Study material:

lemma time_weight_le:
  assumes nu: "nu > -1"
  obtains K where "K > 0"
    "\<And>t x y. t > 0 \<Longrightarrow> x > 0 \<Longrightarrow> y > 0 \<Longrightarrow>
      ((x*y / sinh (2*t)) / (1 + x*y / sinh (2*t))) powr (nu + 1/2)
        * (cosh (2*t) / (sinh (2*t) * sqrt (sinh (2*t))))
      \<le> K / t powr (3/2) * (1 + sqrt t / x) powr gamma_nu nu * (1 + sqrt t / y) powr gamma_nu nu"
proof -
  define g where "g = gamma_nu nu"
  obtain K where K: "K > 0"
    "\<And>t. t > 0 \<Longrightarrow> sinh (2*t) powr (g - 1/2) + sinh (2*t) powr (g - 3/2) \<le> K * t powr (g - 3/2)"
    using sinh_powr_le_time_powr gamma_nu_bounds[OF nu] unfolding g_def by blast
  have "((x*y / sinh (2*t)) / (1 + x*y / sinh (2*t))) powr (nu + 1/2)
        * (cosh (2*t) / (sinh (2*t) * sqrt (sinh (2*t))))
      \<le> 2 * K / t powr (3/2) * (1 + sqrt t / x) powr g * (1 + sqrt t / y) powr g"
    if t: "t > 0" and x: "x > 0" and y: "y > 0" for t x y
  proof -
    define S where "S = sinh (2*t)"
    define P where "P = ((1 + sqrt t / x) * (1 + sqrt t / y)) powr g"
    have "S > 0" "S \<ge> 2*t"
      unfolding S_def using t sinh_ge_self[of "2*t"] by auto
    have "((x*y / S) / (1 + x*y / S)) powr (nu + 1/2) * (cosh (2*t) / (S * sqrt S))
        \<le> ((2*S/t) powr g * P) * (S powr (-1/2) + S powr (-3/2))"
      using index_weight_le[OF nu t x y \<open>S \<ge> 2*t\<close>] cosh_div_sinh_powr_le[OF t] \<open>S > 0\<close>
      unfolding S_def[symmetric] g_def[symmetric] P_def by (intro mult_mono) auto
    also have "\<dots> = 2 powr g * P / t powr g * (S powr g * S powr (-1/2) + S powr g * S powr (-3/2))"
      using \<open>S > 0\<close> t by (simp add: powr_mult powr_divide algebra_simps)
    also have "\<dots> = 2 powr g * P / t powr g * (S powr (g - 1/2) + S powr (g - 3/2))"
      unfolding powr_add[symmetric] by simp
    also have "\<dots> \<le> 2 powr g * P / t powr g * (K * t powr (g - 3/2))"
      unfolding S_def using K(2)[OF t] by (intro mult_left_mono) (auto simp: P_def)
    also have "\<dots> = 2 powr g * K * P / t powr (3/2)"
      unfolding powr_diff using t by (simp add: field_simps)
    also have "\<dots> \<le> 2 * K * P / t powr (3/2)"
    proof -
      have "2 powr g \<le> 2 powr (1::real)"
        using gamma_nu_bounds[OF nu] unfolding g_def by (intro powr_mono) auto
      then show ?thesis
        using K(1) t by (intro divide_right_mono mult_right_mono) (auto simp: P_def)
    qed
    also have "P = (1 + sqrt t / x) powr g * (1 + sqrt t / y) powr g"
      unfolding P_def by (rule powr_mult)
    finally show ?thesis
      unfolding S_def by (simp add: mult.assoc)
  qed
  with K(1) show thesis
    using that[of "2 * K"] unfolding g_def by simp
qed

Exercise brief:
Could you print, exactly and with nothing else, the lines from the one containing "powr g * (K" through the last line of the records above?

Output of the task:
    also have "\<dots> \<le> 2 powr g * P / t powr g * (K * t powr (g - 3/2))"
      unfolding S_def using K(2)[OF t] by (intro mult_left_mono) (auto simp: P_def)
    also have "\<dots> = 2 powr g * K * P / t powr (3/2)"
      unfolding powr_diff using t by (simp add: field_simps)
    also have "\<dots> \<le> 2 * K * P / t powr (3/2)"
    proof -
      have "2 powr g \<le> 2 powr (1::real)"
        using gamma_nu_bounds[OF nu] unfolding g_def by (intro powr_mono) auto
      then show ?thesis
        using K(1) t by (intro divide_right_mono mult_right_mono) (auto simp: P_def)
    qed
    also have "P = (1 + sqrt t / x) powr g * (1 + sqrt t / y) powr g"
      unfolding P_def by (rule powr_mult)
    finally show ?thesis
      unfolding S_def by (simp add: mult.assoc)
  qed
  with K(1) show thesis
    using that[of "2 * K"] unfolding g_def by simp
qed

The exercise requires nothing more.